The heart of this book, in my opinion, is on page 210 where the author carefully distinguishes between the Jihad's opposition to McWorld consumerism and development patterns, as opposed to democracy or other political notions.
All groups have their extremists and lunatics, and all groups have their bureaucracies and overly-rigid institutionalizations of past preferences. The one needs to be stamped out, and the other radically reformed–no matter what beliefs you aspire to.
Where I see the vitality and promise of this generation is in the possible energizing of the publics of many nations, including the nations of Islam, and public engagement of the core question of our time: what changes must we make in our corporate and consumerist behavior in order to, at once, establish both a sustainable model for the quality of life and choice we aspire to, while simultaneously establishing new forms of regional political and cultural accommodations that respect very strongly held beliefs?

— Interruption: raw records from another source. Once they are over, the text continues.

(* Let $X=\operatorname{diag}(x_1,\dots,x_s)$ and $Y=\operatorname{diag}(y_1,\dots,y_s)$ be real diagonal matrices. The following are equivalent: (i) there exist unitary $U,V\in \mathcal U(s)$ such that $XUY=V$; (ii) there exists a permutation $\sigma$ of $\{1,\dots,s\}$ such that $|x_iy_{\sigma(i)}|=1$ for every $i\in\{1,\dots,s\}$.
   Context: $\mathcal U(s)$ denotes the group of $s\times s$ complex unitary matrices. *)

theory Defs
  imports "HOL-Analysis.Analysis"
begin

definition cmat_adjoint :: "complex^'n^'n \<Rightarrow> complex^'n^'n" where
  "cmat_adjoint U = (\<chi> i j. cnj (U $ j $ i))"

definition unitary_mat :: "complex^'n^'n \<Rightarrow> bool" where
  "unitary_mat U \<longleftrightarrow> U ** cmat_adjoint U = mat 1 \<and> cmat_adjoint U ** U = mat 1"

definition real_diag :: "('n \<Rightarrow> real) \<Rightarrow> complex^'n^'n" where
  "real_diag x = (\<chi> i j. if i = j then complex_of_real (x i) else 0)"

end

theory Submission
  imports Defs
begin

(* If X U Y = V with U, V unitary, then the entrywise squared moduli B of U and
   a_i B_ij b_j of V (a = x^2, b = y^2) are both doubly stochastic.  Summing the
   nonnegative terms B_ij (a_i b_j - 1)^2 / a_i with the help of the row and column
   sums of both matrices gives 0, so a_i b_j = 1 on the support of B.  The level
   sets of a and of 1/b are therefore unions of blocks of that support, and
   double stochasticity forces such blocks to have as many rows as columns; matching
   them up gives the permutation.  Conversely, for the permutation matrix P of
   sigma, X P Y is a permutation matrix scaled by the unimodular x_i y_sigma(i). *)

definition doubly_stochastic :: "('n::finite \<Rightarrow> 'n \<Rightarrow> real) \<Rightarrow> bool" where
  "doubly_stochastic B \<longleftrightarrow> (\<forall>i j. 0 \<le> B i j) \<and> (\<forall>i. (\<Sum>j\<in>UNIV. B i j) = 1) \<and> (\<forall>j. (\<Sum>i\<in>UNIV. B i j) = 1)"

definition monomial_mat :: "('n::finite \<Rightarrow> 'n) \<Rightarrow> ('n \<Rightarrow> 'a::zero) \<Rightarrow> 'a^'n^'n" where
  "monomial_mat \<sigma> s = (\<chi> i j. if j = \<sigma> i then s i else 0)"

lemma real_diag_mult_entry:
  "(real_diag x ** A) $ i $ j = of_real (x i) * A $ i $ j"
  by (simp add: matrix_matrix_mult_def real_diag_def if_distrib if_distribR sum.delta cong: if_cong)

lemma mult_real_diag_entry:
  "(A ** real_diag y) $ i $ j = A $ i $ j * of_real (y j)"
  by (simp add: matrix_matrix_mult_def real_diag_def if_distrib if_distribR sum.delta' cong: if_cong)

lemma unitary_mat_iff_left_inverse:
  fixes U :: "complex^'n::finite^'n"
  shows "unitary_mat U \<longleftrightarrow> cmat_adjoint U ** U = mat 1"
  unfolding unitary_mat_def using matrix_left_right_inverse by blast

lemma unitary_mat_doubly_stochastic:
  fixes U :: "complex^'n::finite^'n"
  assumes "unitary_mat U"
  shows "doubly_stochastic (\<lambda>i j. (cmod (U $ i $ j))\<^sup>2)"
proof -
  have "(\<Sum>j\<in>UNIV. (cmod (U $ i $ j))\<^sup>2) = 1" for i
  proof -
    have "complex_of_real (\<Sum>j\<in>UNIV. (cmod (U $ i $ j))\<^sup>2) = (U ** cmat_adjoint U) $ i $ i"
      by (simp only: of_real_sum complex_norm_square)
         (simp add: matrix_matrix_mult_def cmat_adjoint_def)
    also have "\<dots> = 1"
      using assms by (simp add: unitary_mat_def mat_def)
    finally show ?thesis
      using of_real_eq_1_iff by blast
  qed
  moreover have "(\<Sum>i\<in>UNIV. (cmod (U $ i $ j))\<^sup>2) = 1" for j
  proof -
    have "complex_of_real (\<Sum>i\<in>UNIV. (cmod (U $ i $ j))\<^sup>2) = (cmat_adjoint U ** U) $ j $ j"
      by (simp only: of_real_sum complex_norm_square)
         (simp add: matrix_matrix_mult_def cmat_adjoint_def mult.commute)
    also have "\<dots> = 1"
      using assms by (simp add: unitary_mat_def mat_def)
    finally show ?thesis
      using of_real_eq_1_iff by blast
  qed
  ultimately show ?thesis
    by (simp add: doubly_stochastic_def)
qed

lemma real_diag_mult_monomial_mat:
  "real_diag x ** monomial_mat \<sigma> s ** real_diag y
     = monomial_mat \<sigma> (\<lambda>i. of_real (x i) * s i * of_real (y (\<sigma> i)))"
  by (simp add: vec_eq_iff real_diag_mult_entry mult_real_diag_entry monomial_mat_def)

lemma unitary_monomial_mat:
  assumes "\<sigma> permutes UNIV" and "\<And>i. cmod (s i) = 1"
  shows "unitary_mat (monomial_mat \<sigma> s)"
  unfolding unitary_mat_iff_left_inverse
proof (intro iffD2[OF vec_eq_iff] allI)
  fix i k
  have "(cmat_adjoint (monomial_mat \<sigma> s) ** monomial_mat \<sigma> s) $ i $ k
      = (\<Sum>j\<in>UNIV. if j = inv \<sigma> i then (if i = k then cnj (s j) * s j else 0) else 0)"
    unfolding matrix_matrix_mult_def cmat_adjoint_def monomial_mat_def vec_lambda_beta
    using permutes_inverses[OF assms(1)] by (intro sum.cong) auto
  also have "\<dots> = mat 1 $ i $ k"
    using assms(2) by (simp add: mat_def mult.commute complex_norm_square[symmetric])
  finally show "(cmat_adjoint (monomial_mat \<sigma> s) ** monomial_mat \<sigma> s) $ i $ k = mat 1 $ i $ k" .
qed

lemma doubly_stochastic_block_card_eq:
  assumes B: "doubly_stochastic B"
    and rows_in: "\<And>i j. i \<in> I \<Longrightarrow> B i j \<noteq> 0 \<Longrightarrow> j \<in> J"
    and cols_in: "\<And>i j. j \<in> J \<Longrightarrow> B i j \<noteq> 0 \<Longrightarrow> i \<in> I"
  shows "card I = card J"
proof -
  have "real (card I) = (\<Sum>i\<in>I. \<Sum>j\<in>UNIV. B i j)"
    using B by (simp add: doubly_stochastic_def)
  also have "\<dots> = (\<Sum>i\<in>I. \<Sum>j\<in>J. B i j)"
    using rows_in by (intro sum.cong refl sum.mono_neutral_right) auto
  also have "\<dots> = (\<Sum>j\<in>J. \<Sum>i\<in>I. B i j)"
    by (rule sum.swap)
  also have "\<dots> = (\<Sum>j\<in>J. \<Sum>i\<in>UNIV. B i j)"
    using cols_in by (intro sum.cong refl sum.mono_neutral_left) auto
  also have "\<dots> = real (card J)"
    using B by (simp add: doubly_stochastic_def)
  finally show ?thesis
    by simp
qed

lemma permutes_UNIV_of_equal_fibre_cards:
  fixes f g :: "'n::finite \<Rightarrow> 'c"
  assumes "\<And>c. card {i. f i = c} = card {j. g j = c}"
  obtains \<sigma> where "\<sigma> permutes UNIV" and "\<And>i. g (\<sigma> i) = f i"
proof -
  have "\<forall>c. \<exists>h. bij_betw h {i. f i = c} {j. g j = c}"
    using assms by (auto intro!: finite_same_card_bij)
  then obtain h where h: "\<And>c. bij_betw (h c) {i. f i = c} {j. g j = c}"
    by metis
  define \<sigma> where "\<sigma> i = h (f i) i" for i
  have g_\<sigma>: "g (\<sigma> i) = f i" for i
    using bij_betwE[OF h[of "f i"]] by (simp add: \<sigma>_def)
  have "inj \<sigma>"
  proof (rule injI)
    fix i i' assume "\<sigma> i = \<sigma> i'"
    moreover from this have "f i = f i'"
      using g_\<sigma> by metis
    ultimately show "i = i'"
      using bij_betw_imp_inj_on[OF h[of "f i"]] by (auto simp: \<sigma>_def dest: inj_onD)
  qed
  then have "\<sigma> permutes UNIV"
    using finite_UNIV_inj_surj[of \<sigma>] by (intro bij_imp_permutes) (auto simp: bij_def)
  with g_\<sigma> show ?thesis
    using that by blast
qed

lemma doubly_stochastic_support_permutation:
  fixes a b :: "'n::finite \<Rightarrow> 'a::field"
  assumes B: "doubly_stochastic B" and supp: "\<And>i j. B i j \<noteq> 0 \<Longrightarrow> a i * b j = 1"
  obtains \<sigma> where "\<sigma> permutes UNIV" and "\<And>i. a i * b (\<sigma> i) = 1"
proof -
  have inverse_b: "inverse (b j) = a i" if "B i j \<noteq> 0" for i j
    using supp[OF that] by (simp add: inverse_unique mult.commute)
  have fibres: "card {i. a i = c} = card {j. inverse (b j) = c}" for c
    by (rule doubly_stochastic_block_card_eq[OF B]) (auto dest: inverse_b)
  obtain \<sigma> where \<sigma>: "\<sigma> permutes UNIV" and inv_b: "\<And>i. inverse (b (\<sigma> i)) = a i"
    using permutes_UNIV_of_equal_fibre_cards[OF fibres] by blast
  have "a i \<noteq> 0" for i
  proof -
    have "(\<Sum>j\<in>UNIV. B i j) \<noteq> 0"
      using B by (simp add: doubly_stochastic_def)
    then obtain j where "B i j \<noteq> 0"
      by (meson sum.neutral)
    then show ?thesis
      using supp by force
  qed
  then have "a i * b (\<sigma> i) = 1" for i
    using inv_b[of i] by (metis inverse_zero left_inverse)
  with \<sigma> show ?thesis
    using that by blast
qed

lemma doubly_stochastic_scaling_support:
  fixes a b :: "'n::finite \<Rightarrow> real"
  assumes B: "doubly_stochastic B" and W: "doubly_stochastic (\<lambda>i j. a i * B i j * b j)"
    and a_nonneg: "\<And>i. 0 \<le> a i"
    and "B i j \<noteq> 0"
  shows "a i * b j = 1"
proof -
  have row_B: "(\<Sum>j\<in>UNIV. B i j) = 1" and col_B: "(\<Sum>i\<in>UNIV. B i j) = 1"
    and row_W: "(\<Sum>j\<in>UNIV. a i * B i j * b j) = 1" and col_W: "(\<Sum>i\<in>UNIV. a i * B i j * b j) = 1"
    and B_nonneg: "0 \<le> B i j" for i j
    using B W by (auto simp: doubly_stochastic_def)
  have a_pos: "0 < a i" for i
    using row_W[of i] a_nonneg[of i] by (cases "a i = 0") auto
  define t where "t i j = B i j * (a i * b j - 1)\<^sup>2 / a i" for i j
  have t_nonneg: "0 \<le> t i j" for i j
    using B_nonneg[of i j] a_pos[of i] by (simp add: t_def)
  have row_t: "(\<Sum>j\<in>UNIV. t i j) = (\<Sum>j\<in>UNIV. a i * B i j * b j * b j) - (\<Sum>j\<in>UNIV. B i j * b j)"
    for i
  proof -
    have "(\<Sum>j\<in>UNIV. B i j / a i) = (\<Sum>j\<in>UNIV. B i j * b j)"
      using row_B[of i] row_W[of i] a_pos[of i]
      by (simp add: sum_divide_distrib[symmetric] sum_distrib_left[symmetric] mult.assoc field_simps)
    moreover have "t i j = a i * B i j * b j * b j - 2 * (B i j * b j) + B i j / a i" for j
      using a_pos[of i] by (simp add: t_def field_simps power2_eq_square)
    ultimately show ?thesis
      by (simp add: sum.distrib sum_subtractf sum_distrib_left[symmetric])
  qed
  have "(\<Sum>i\<in>UNIV. \<Sum>j\<in>UNIV. t i j) = 0"
    using col_W col_B
    by (simp add: row_t sum_subtractf sum.swap[of _ UNIV UNIV] sum_distrib_right[symmetric])
  then have "t i j = 0"
    using t_nonneg by (simp add: sum_nonneg sum_nonneg_eq_0_iff)
  with \<open>B i j \<noteq> 0\<close> a_pos[of i] show ?thesis
    by (simp add: t_def)
qed

lemma doubly_stochastic_diagonal_scaling_permutation:
  fixes a b :: "'n::finite \<Rightarrow> real"
  assumes "doubly_stochastic B" and "doubly_stochastic (\<lambda>i j. a i * B i j * b j)"
    and "\<And>i. 0 \<le> a i"
  obtains \<sigma> where "\<sigma> permutes UNIV" and "\<And>i. a i * b (\<sigma> i) = 1"
proof (rule doubly_stochastic_support_permutation[OF assms(1)])
  fix i j
  assume "B i j \<noteq> 0"
  with assms show "a i * b j = 1"
    by (rule doubly_stochastic_scaling_support)
qed (rule that)

theorem lemma3p8:
  fixes x y :: "'n::finite \<Rightarrow> real"
  shows "(\<exists>U V :: complex^'n^'n. unitary_mat U \<and> unitary_mat V \<and>
            real_diag x ** U ** real_diag y = V)
     \<longleftrightarrow> (\<exists>\<sigma>. \<sigma> permutes (UNIV :: 'n set) \<and> (\<forall>i. \<bar>x i * y (\<sigma> i)\<bar> = 1))"
proof
  assume "\<exists>U V :: complex^'n^'n. unitary_mat U \<and> unitary_mat V \<and> real_diag x ** U ** real_diag y = V"
  then obtain U V :: "complex^'n^'n" where U: "unitary_mat U" and V: "unitary_mat V"
    and XUY: "real_diag x ** U ** real_diag y = V"
    by blast
  have "(cmod (V $ i $ j))\<^sup>2 = (x i)\<^sup>2 * (cmod (U $ i $ j))\<^sup>2 * (y j)\<^sup>2" for i j
    by (simp flip: XUY add: real_diag_mult_entry mult_real_diag_entry norm_mult power_mult_distrib)
  with unitary_mat_doubly_stochastic[OF V]
  have "doubly_stochastic (\<lambda>i j. (x i)\<^sup>2 * (cmod (U $ i $ j))\<^sup>2 * (y j)\<^sup>2)"
    by simp
  then obtain \<sigma> where \<sigma>: "\<sigma> permutes UNIV" and xy: "\<And>i. (x i)\<^sup>2 * (y (\<sigma> i))\<^sup>2 = 1"
    by (rule doubly_stochastic_diagonal_scaling_permutation[OF unitary_mat_doubly_stochastic[OF U]]) auto
  have "\<bar>x i * y (\<sigma> i)\<bar> = 1" for i
    using xy[of i] by (simp add: abs_square_eq_1[symmetric] power_mult_distrib)
  with \<sigma> show "\<exists>\<sigma>. \<sigma> permutes UNIV \<and> (\<forall>i. \<bar>x i * y (\<sigma> i)\<bar> = 1)"
    by blast
next
  assume "\<exists>\<sigma>. \<sigma> permutes (UNIV :: 'n set) \<and> (\<forall>i. \<bar>x i * y (\<sigma> i)\<bar> = 1)"
  then obtain \<sigma> where \<sigma>: "\<sigma> permutes (UNIV :: 'n set)" and xy: "\<And>i. \<bar>x i * y (\<sigma> i)\<bar> = 1"
    by blast
  have "unitary_mat (monomial_mat \<sigma> (\<lambda>_. 1))"
    using \<sigma> by (rule unitary_monomial_mat) simp
  moreover have "unitary_mat (monomial_mat \<sigma> (\<lambda>i. of_real (x i * y (\<sigma> i))))"
    using \<sigma> by (rule unitary_monomial_mat) (simp add: xy flip: of_real_mult)
  moreover have "real_diag x ** monomial_mat \<sigma> (\<lambda>_. 1) ** real_diag y
      = monomial_mat \<sigma> (\<lambda>i. of_real (x i * y (\<sigma> i)))"
    by (simp add: real_diag_mult_monomial_mat)
  ultimately show "\<exists>U V :: complex^'n^'n. unitary_mat U \<and> unitary_mat V \<and> real_diag x ** U ** real_diag y = V"
    by blast
qed

end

There are two books that bracket this one in interesting ways. The first, readily identified from top-notch reviews such as appear in the Los Angeles Times, is Chalmers Johnson book, “BLOWBACK: The Costs and Consequences of American Empire”. The second, less readily perceived, is Howard Bloom's “GLOBAL BRAIN: The Evolution of Mass Mind from the Big Bang to the 21st Century.” ]

In a nut-shell, then, we are engaged in three world wars right now: one between cultures that cannot talk to one another because the necessary portions of the brain have been literally killed in the course of intra-cultural development; one between the political and economic manifestation of our respective cultures, between a politics subservient to corporations on the one side and a politics terrified of the religious zealot individuals on the other side; and a third war, the most important, the war that has not really started yet, between individuals and corporations over campaign finance reform and the consequent outcomes that can be managed with respect to politcal economy and political education.